> _Aim of the exercise_
Going through the data below, copy out each line where the word "hand" shows up.

Collected data entries:

(* Let $A=\sum_{k=0}^Na_k\partial^k\in\mathcal V[\partial]$ be a hereditary differential operator of degree $N$. Then for all $0\le k\le N$, $d(a_k)\le N+1$ (the inequality being vacuous when $a_k$ is a quasiconstant).
   Context: $\mathcal V$ is an algebra of differential functions in one variable $u$ (commutative $\mathbb C$-algebra containing $R=\mathbb C[u,u',\dots]$ with commuting derivations $\partial/\partial u^{(n)}$ extending those of $R$ and $\partial/\partial x$ commuting with them and vanishing on $R$, each element having finitely many nonzero partial derivatives); total derivative $\partial=\sum_nu^{(n+1)}\frac{\partial}{\partial u^{(n)}}+\frac{\partial}{\partial x}$. Standing assumptions: $\mathcal V$ is a normal domain with fraction field $\mathcal K$; $\mathcal C=\ker\partial$ is algebraically closed. The differential order is $d(F)=\max\{n\ge0:\partial F/\partial u^{(n)}\ne0\}$; $F$ is a quasiconstant if this set is empty. $X_F=\sum_nF^{(n)}\frac{\partial}{\partial u^{(n)}}$; $D_F=\sum_n\frac{\partial F}{\partial u^{(n)}}\partial^n$. Differential operators with $\partial a=a\partial+a'$; $X_F$ acts on operators coefficientwise; $\mathcal L_F(L)=X_F(L)-[D_F,L]$. A differential operator $A$ is hereditary if $\mathcal L_{A(G)}(A)=A\,\mathcal L_G(A)$ for all $G\in\mathcal V$. *)

theory Defs
  imports Complex_Main "HOL-Computational_Algebra.Polynomial" "HOL-Computational_Algebra.Fraction_Field"
begin
lemma slack_centre_point:
  assumes "admissible n k U V t" "c \<in> hs_ineqs n"
  shows "c \<in> face_ineqs n U V t \<Longrightarrow> slack n k c (centre_point k U V t) = 0"
    and "c \<notin> face_ineqs n U V t \<Longrightarrow> 0 < slack n k c (centre_point k U V t)"
proof -
  have "U \<inter> V = {}"
    using assms unfolding admissible_def by auto
  note facts = admissible_centre_value[OF assms(1)] sum_centre_point[OF assms(1)] this
  from assms(2) have "(c \<in> face_ineqs n U V t \<longrightarrow> slack n k c (centre_point k U V t) = 0) \<and>
      (c \<notin> face_ineqs n U V t \<longrightarrow> 0 < slack n k c (centre_point k U V t))"
    by (cases rule: hs_ineqs_cases; cases t) (use facts in \<open>auto simp: slack_def centre_point_def\<close>)
  then show "c \<in> face_ineqs n U V t \<Longrightarrow> slack n k c (centre_point k U V t) = 0"
    and "c \<notin> face_ineqs n U V t \<Longrightarrow> 0 < slack n k c (centre_point k U V t)"
    by auto
qed

lemma centre_point_mem:
  assumes "admissible n k U V t"
  shows "centre_point k U V t \<in> hs_face n k U V t"
    and "centre_point k U V t \<in> half_open_hypersimplex n k"
proof -
  have UV: "U \<subseteq> {..<n}" "V \<subseteq> {..<n}"
    using assms unfolding admissible_def by auto
  have nonneg: "0 \<le> slack n k c (centre_point k U V t)" if "c \<in> hs_ineqs n" for c
    using slack_centre_point[OF assms that] by (cases "c \<in> face_ineqs n U V t") auto
  have P: "centre_point k U V t \<in> hypersimplex n k"
    unfolding hypersimplex_iff_slack using nonneg UV by (auto simp: centre_point_def)
  then show "centre_point k U V t \<in> hs_face n k U V t"
    unfolding hs_face_def tight_face_def
    using slack_centre_point(1)[OF assms] face_ineqs_subset[OF UV(2)] by blast
  have "Sum_lower \<in> hs_ineqs n"
    by (simp add: hs_ineqs_def)
  then show "centre_point k U V t \<in> half_open_hypersimplex n k"
    unfolding half_open_hypersimplex_iff using P slack_centre_point(2)[OF assms] by simp
qed
(* Let $\mathcal H$ be a separable complex Hilbert space, $A\in L(\mathcal H)^+$ and $\mathcal S$ a closed subspace such that $(A,\mathcal S)$ is compatible, and let $\mathcal N=\mathcal S\cap N(A)$. Then $$\Pi(A,\mathcal S)=P_{A,\mathcal S}+L(\mathcal H,\mathcal N)=\{P_{A,\mathcal S}+W:\ W\in L(\mathcal H),\ R(W)\subseteq\mathcal N\}.$$
   Context: $(A,\mathcal S)$ is compatible if there exists $Q\in L(\mathcal H)$ with $Q^2=Q$, $R(Q)=\mathcal S$, $AQ=Q^*A$. In that case $P_{A,\mathcal S}$ denotes the unique (bounded) oblique projection with range $\mathcal S$ and nullspace $A(\mathcal S)^\perp\cap\mathcal N^\perp$; it satisfies $AP_{A,\mathcal S}=P_{A,\mathcal S}^*A$. $\Pi(A,\mathcal S)$ is the set of $A$-projections into $\mathcal S$: operators $T\in L(\mathcal H)$ with $R(T)\subseteq\mathcal S$ and $\|y-Ty\|_A\le\|y-s\|_A$ for all $y\in\mathcal H$, $s\in\mathcal S$, where $\|z\|_A=\langle Az,z\rangle^{1/2}$. *)

theory Defs
  imports "HOL-Analysis.Analysis"
begin

text \<open>A complex Hilbert space is modelled as a real Hilbert space (type of class
real_inner + complete_space) together with a complex structure J (multiplication
by the imaginary unit): J is real-linear, bounded, J(Jx) = -x and J is orthogonal.\<close>

definition complex_structure :: "('a::real_inner \<Rightarrow> 'a) \<Rightarrow> bool" where
  "complex_structure J \<longleftrightarrow> bounded_linear J \<and> (\<forall>x. J (J x) = - x) \<and> (\<forall>x y. J x \<bullet> J y = x \<bullet> y)"

definition scaleJ :: "('a::real_inner \<Rightarrow> 'a) \<Rightarrow> complex \<Rightarrow> 'a \<Rightarrow> 'a" where
  "scaleJ J c x = Re c *\<^sub>R x + Im c *\<^sub>R J x"

text \<open>Complex inner product, linear in the first argument, conjugate linear in the second.\<close>
definition cinner :: "('a::real_inner \<Rightarrow> 'a) \<Rightarrow> 'a \<Rightarrow> 'a \<Rightarrow> complex" where
  "cinner J x y = Complex (x \<bullet> y) (- (J x \<bullet> y))"

definition bops :: "('a::real_inner \<Rightarrow> 'a) \<Rightarrow> ('a \<Rightarrow> 'a) set" where
  "bops J = {T. bounded_linear T \<and> (\<forall>x. T (J x) = J (T x))}"

definition pos_ops :: "('a::real_inner \<Rightarrow> 'a) \<Rightarrow> ('a \<Rightarrow> 'a) set" where
  "pos_ops J = {A \<in> bops J. \<forall>x. Im (cinner J (A x) x) = 0 \<and> Re (cinner J (A x) x) \<ge> 0}"

definition closed_csubspace :: "('a::real_inner \<Rightarrow> 'a) \<Rightarrow> 'a set \<Rightarrow> bool" where
  "closed_csubspace J S \<longleftrightarrow> subspace S \<and> (\<forall>x\<in>S. J x \<in> S) \<and> closed S"

definition corth :: "('a::real_inner \<Rightarrow> 'a) \<Rightarrow> 'a set \<Rightarrow> 'a set" where
  "corth J M = {x. \<forall>y\<in>M. cinner J x y = 0}"

text \<open>Q^* A = A Q, expressed via the defining property of the adjoint:
  <Q^* A x, y> = <A x, Q y>.\<close>
definition A_selfadjoint :: "('a::real_inner \<Rightarrow> 'a) \<Rightarrow> ('a \<Rightarrow> 'a) \<Rightarrow> ('a \<Rightarrow> 'a) \<Rightarrow> bool" where
  "A_selfadjoint J A Q \<longleftrightarrow> (\<forall>x y. cinner J (A (Q x)) y = cinner J (A x) (Q y))"
(* Let $n\ge 6$, $p\in(0,1)$. The mean sum of squared linking numbers of a random linear embedding of an $(n,p)$-graph equals $$\frac{q}{16}\sum_{i=6}^{n}p^i\,\frac{n!}{(n-i)!}\,(i-5),$$ where $q$ is the constant defined in the context.
   Context: An $(n,p)$-graph is a random graph on $n$ vertices in which each pair of vertices is joined by an edge independently with probability $p$; in a random linear embedding its vertices are independent uniform points of $C^3=[0,1]^3$ (independent of edge choices) and edges are straight segments. The mean sum of squared linking numbers is $E\big[\sum \mathrm{lk}(C,C')^2\big]$, the sum over unordered pairs of vertex-disjoint cycles of the embedded graph. For oriented segments $l,l'$, $\epsilon(l,l')$ is the signed crossing in orthogonal projection onto a fixed plane ($0$ if no crossing, else $\pm1$ by the right-hand rule). With $A,B,C,P,Q,R$ independent uniform points of $C^3$ and $X\to Y$ the segment oriented from $X$ to $Y$: $2s=P(\epsilon(A\to B,P\to Q)\ne0)$, $u=E[\epsilon(A\to B,P\to Q)\epsilon(A\to B,Q\to R)]$, $v=E[\epsilon(A\to B,P\to Q)\epsilon(B\to C,Q\to R)]$, $q=s+2(u+v)>0$. *)

theory Defs
  imports "HOL-Probability.Probability"
begin

type_synonym point = "real^3"

definition cube_unif :: "point measure" where
  "cube_unif = uniform_measure lborel (cbox 0 1)"

text \<open>2D cross product of the projections onto the xy-plane (the fixed projection plane,
  viewed from z = +infinity).\<close>
definition cross2 :: "point \<Rightarrow> point \<Rightarrow> real" where
  "cross2 x y = x$1 * y$2 - x$2 * y$1"

text \<open>Signed crossing eps(a->b, p->q) of the oriented segments a->b and p->q in the
  orthogonal projection onto the xy-plane: 0 if the projections do not cross (at interior
  points), otherwise +1/-1 by the right-hand rule (sign of cross2 (over) (under)).\<close>
definition eps :: "point \<Rightarrow> point \<Rightarrow> point \<Rightarrow> point \<Rightarrow> real" where
  "eps a b p q =
    (let d1 = b - a; d2 = q - p; D = cross2 d1 d2 in
     if D = 0 then 0 else
     (let t = cross2 (p - a) d2 / D; s = cross2 (p - a) d1 / D in
      if 0 < t \<and> t < 1 \<and> 0 < s \<and> s < 1 then
        (let z1 = a$3 + t * d1$3; z2 = p$3 + s * d2$3 in
         if z1 > z2 then sgn D else if z1 < z2 then - sgn D else 0)
      else 0))"

text \<open>Six independent uniform points A,B,C,P,Q,R = x 0, ..., x 5.\<close>
definition six_pts :: "(nat \<Rightarrow> point) measure" where
  "six_pts = PiM {..<6} (\<lambda>_. cube_unif)"

definition const_s :: real where
  "const_s = measure six_pts {x \<in> space six_pts. eps (x 0) (x 1) (x 3) (x 4) \<noteq> 0} / 2"

definition const_u :: real where
  "const_u = (\<integral>x. eps (x 0) (x 1) (x 3) (x 4) * eps (x 0) (x 1) (x 4) (x 5) \<partial>six_pts)"

definition const_v :: real where
  "const_v = (\<integral>x. eps (x 0) (x 1) (x 3) (x 4) * eps (x 1) (x 2) (x 4) (x 5) \<partial>six_pts)"

definition const_q :: real where
  "const_q = const_s + 2 * (const_u + const_v)"

definition all_edges :: "nat \<Rightarrow> nat set set" where
  "all_edges n = {{i, j} | i j. i < n \<and> j < n \<and> i \<noteq> j}"

definition cyc_edges :: "nat list \<Rightarrow> nat set set" where
  "cyc_edges vs = {{vs ! i, vs ! ((i + 1) mod length vs)} | i. i < length vs}"

definition is_cycle_list :: "nat set set \<Rightarrow> nat list \<Rightarrow> bool" where
  "is_cycle_list G vs \<longleftrightarrow> length vs \<ge> 3 \<and> distinct vs \<and> cyc_edges vs \<subseteq> G"

definition cycles :: "nat set set \<Rightarrow> nat set set set" where
  "cycles G = {cyc_edges vs | vs. is_cycle_list G vs}"

definition disj_cycle_pairs :: "nat set set \<Rightarrow> (nat set set \<times> nat set set) set" where
  "disj_cycle_pairs G = {(C, C'). C \<in> cycles G \<and> C' \<in> cycles G \<and> \<Union>C \<inter> \<Union>C' = {}}"

definition lk_list :: "(nat \<Rightarrow> point) \<Rightarrow> nat list \<Rightarrow> nat list \<Rightarrow> real" where
  "lk_list pos vs ws = (1/2) * (\<Sum>i<length vs. \<Sum>j<length ws.
      eps (pos (vs ! i)) (pos (vs ! ((i + 1) mod length vs)))
          (pos (ws ! j)) (pos (ws ! ((j + 1) mod length ws))))"

text \<open>An orientation of a cycle given as edge set (the square of lk does not depend on it).\<close>
definition orient :: "nat set set \<Rightarrow> nat list" where
  "orient C = (SOME vs. length vs \<ge> 3 \<and> distinct vs \<and> cyc_edges vs = C)"

definition lk :: "(nat \<Rightarrow> point) \<Rightarrow> nat set set \<Rightarrow> nat set set \<Rightarrow> real" where
  "lk pos C C' = lk_list pos (orient C) (orient C')"

text \<open>Sum of squared linking numbers over unordered pairs of vertex-disjoint cycles
  (= half the sum over ordered pairs).\<close>
definition sum_sq_lk :: "nat set set \<Rightarrow> (nat \<Rightarrow> point) \<Rightarrow> real" where
  "sum_sq_lk G pos = (1/2) * (\<Sum>(C, C') \<in> disj_cycle_pairs G. (lk pos C C')^2)"

definition mean_sum_sq_lk :: "nat \<Rightarrow> real \<Rightarrow> real" where
  "mean_sum_sq_lk n p =
    (\<Sum>G \<in> Pow (all_edges n).
       p ^ card G * (1 - p) ^ (card (all_edges n) - card G) *
       (\<integral>pos. sum_sq_lk G pos \<partial>(PiM {..<n} (\<lambda>_. cube_unif))))"

end

theory Submission
  imports Defs
begin

text \<open>Writing lk(C, C')^2 as a fourfold sum of products of signed crossings of edges, the
  expected product of the crossings of edges e, f with edges e', f' vanishes unless e' is e or
  adjacent to it in C and f' is f or adjacent to it in C': otherwise exchanging the positions of
  the two endpoints of e' (or f') reverses one segment and fixes the rest. The nine surviving
  patterns contribute 2s + 4u + 4v = 2q, so E[lk(C, C')^2] = q |C| |C'| / 2. A given pair of
  disjoint cycles lies in the random graph with probability p^(|C| + |C'|). Finally, a k-cycle
  of the complete graph corresponds to 2k vertex lists, and concatenating the lists of two disjoint
  cycles gives a list of i distinct vertices with one of i - 5 admissible cut points; there are
  n!/(n - i)! such lists.\<close>

lemma prob_space_cube_unif: "prob_space cube_unif"
proof -
  have "(\<Prod>b\<in>Basis. (1::real^3) \<bullet> b) = 1"
    by (rule prod.neutral) (auto simp: Basis_vec_def inner_axis)
  then show ?thesis
    unfolding cube_unif_def
    by (intro prob_space_uniform_measure) (auto simp: emeasure_lborel_cbox_eq Basis_vec_def inner_axis)
qed

lemma sets_cube_unif [measurable_cong, simp]: "sets cube_unif = sets borel"
  unfolding cube_unif_def by simp

lemma borel_measurable_vec_nth [measurable]: "(\<lambda>x::real^3. x $ i) \<in> borel_measurable borel"
  by (intro borel_measurable_continuous_onI continuous_intros)

lemma borel_measurable_cross2 [measurable]:
  assumes [measurable]: "f \<in> borel_measurable M" "g \<in> borel_measurable M"
  shows "(\<lambda>x. cross2 (f x) (g x)) \<in> borel_measurable M"
  unfolding cross2_def by measurable

lemma borel_measurable_eps [measurable]:
  assumes [measurable]: "a \<in> borel_measurable M" "b \<in> borel_measurable M"
    "c \<in> borel_measurable M" "d \<in> borel_measurable M"
  shows "(\<lambda>x. eps (a x) (b x) (c x) (d x)) \<in> borel_measurable M"
  unfolding eps_def Let_def by measurable

lemma eps_values: "eps a b c d \<in> {-1, 0, 1}"
  unfolding eps_def Let_def by (auto simp: sgn_if)

lemma abs_eps_le_one: "\<bar>eps a b c d\<bar> \<le> 1"
  using eps_values[of a b c d] by auto

lemma eps_squared: "(eps a b c d)\<^sup>2 = (if eps a b c d \<noteq> 0 then 1 else 0)"
  using eps_values[of a b c d] by auto

lemma eps_reverse_first: "eps b a c d = - eps a b c d"
proof -
  define D where "D = cross2 (b - a) (d - c)"
  define t where "t = cross2 (c - a) (d - c) / D"
  define s where "s = cross2 (c - a) (b - a) / D"
  have D': "cross2 (a - b) (d - c) = - D" by (simp add: D_def cross2_def algebra_simps)
  show ?thesis
  proof (cases "D = 0")
    case True
    then show ?thesis unfolding eps_def Let_def D' by (simp add: D_def)
  next
    case False
    \<comment> \<open>reversing the first segment maps its crossing parameter t to 1 - t and keeps the crossing point\<close>
    have t': "cross2 (c - b) (d - c) / (- D) = 1 - t"
      using False by (simp add: t_def D_def cross2_def field_simps)
    have s': "cross2 (c - b) (a - b) / (- D) = s"
      using False by (simp add: s_def D_def cross2_def field_simps)
    have z: "b$3 + (1 - t) * (a - b)$3 = a$3 + t * (b - a)$3"
      by (simp add: algebra_simps)
    have "(0 < 1 - t \<and> 1 - t < 1) = (0 < t \<and> t < 1)" by auto
    then show ?thesis
      unfolding eps_def Let_def D' t' s' z
      unfolding D_def[symmetric] t_def[symmetric] s_def[symmetric]
      using False by (auto simp: sgn_if)
  qed
qed

lemma eps_commute: "eps c d a b = eps a b c d"
proof -
  define D where "D = cross2 (b - a) (d - c)"
  define t where "t = cross2 (c - a) (d - c) / D"
  define s where "s = cross2 (c - a) (b - a) / D"
  have D': "cross2 (d - c) (b - a) = - D" by (simp add: D_def cross2_def algebra_simps)
  show ?thesis
  proof (cases "D = 0")
    case True
    then show ?thesis unfolding eps_def Let_def D' by (simp add: D_def)
  next
    case False
    \<comment> \<open>exchanging the segments negates D and swaps the crossing parameters t and s\<close>
    have t': "cross2 (a - c) (b - a) / (- D) = s"
      using False by (simp add: s_def D_def cross2_def field_simps)
    have s': "cross2 (a - c) (d - c) / (- D) = t"
      using False by (simp add: t_def D_def cross2_def field_simps)
    show ?thesis
      unfolding eps_def Let_def D' t' s'
      unfolding D_def[symmetric] t_def[symmetric] s_def[symmetric]
      using False by (auto simp: sgn_if)
  qed
qed

lemma eps_reverse_second: "eps a b d c = - eps a b c d"
  by (metis eps_commute eps_reverse_first)

abbreviation cube_PiM :: "nat set \<Rightarrow> (nat \<Rightarrow> point) measure" where
  "cube_PiM I \<equiv> PiM I (\<lambda>_. cube_unif)"

lemma prob_space_cube_PiM: "prob_space (cube_PiM I)"
  by (intro prob_space_PiM prob_space_cube_unif)

lemma borel_measurable_cube_PiM_component [measurable]:
  "(\<lambda>\<omega>. \<omega> m) \<in> borel_measurable (cube_PiM I)"
proof (cases "m \<in> I")
  case True
  then show ?thesis by measurable
next
  case False
  \<comment> \<open>configurations are extensional, so off I they are constantly undefined\<close>
  then have "\<omega> m = undefined" if "\<omega> \<in> space (cube_PiM I)" for \<omega>
    using that by (auto simp: space_PiM PiE_def extensional_def)
  then show ?thesis
    by (subst measurable_cong[where g = "\<lambda>_. undefined"]) auto
qed

lemma integrable_eps_product:
  "integrable (cube_PiM I)
     (\<lambda>\<omega>. eps (\<omega> a) (\<omega> b) (\<omega> c) (\<omega> d) * eps (\<omega> a') (\<omega> b') (\<omega> c') (\<omega> d'))"
proof -
  interpret prob_space "cube_PiM I" by (rule prob_space_cube_PiM)
  show ?thesis
  proof (rule integrable_const_bound[where B = 1])
    show "AE \<omega> in cube_PiM I. norm (eps (\<omega> a) (\<omega> b) (\<omega> c) (\<omega> d) * eps (\<omega> a') (\<omega> b') (\<omega> c') (\<omega> d')) \<le> 1"
      by (intro AE_I2) (auto simp: abs_mult intro!: mult_le_one abs_eps_le_one)
  qed measurable
qed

> _Response below_
   Context: An $(n,p)$-graph is a random graph on $n$ vertices in which each pair of vertices is joined by an edge independently with probability $p$; in a random linear embedding its vertices are independent uniform points of $C^3=[0,1]^3$ (independent of edge choices) and edges are straight segments. The mean sum of squared linking numbers is $E\big[\sum \mathrm{lk}(C,C')^2\big]$, the sum over unordered pairs of vertex-disjoint cycles of the embedded graph. For oriented segments $l,l'$, $\epsilon(l,l')$ is the signed crossing in orthogonal projection onto a fixed plane ($0$ if no crossing, else $\pm1$ by the right-hand rule). With $A,B,C,P,Q,R$ independent uniform points of $C^3$ and $X\to Y$ the segment oriented from $X$ to $Y$: $2s=P(\epsilon(A\to B,P\to Q)\ne0)$, $u=E[\epsilon(A\to B,P\to Q)\epsilon(A\to B,Q\to R)]$, $v=E[\epsilon(A\to B,P\to Q)\epsilon(B\to C,Q\to R)]$, $q=s+2(u+v)>0$. *)
  points), otherwise +1/-1 by the right-hand rule (sign of cross2 (over) (under)).\<close>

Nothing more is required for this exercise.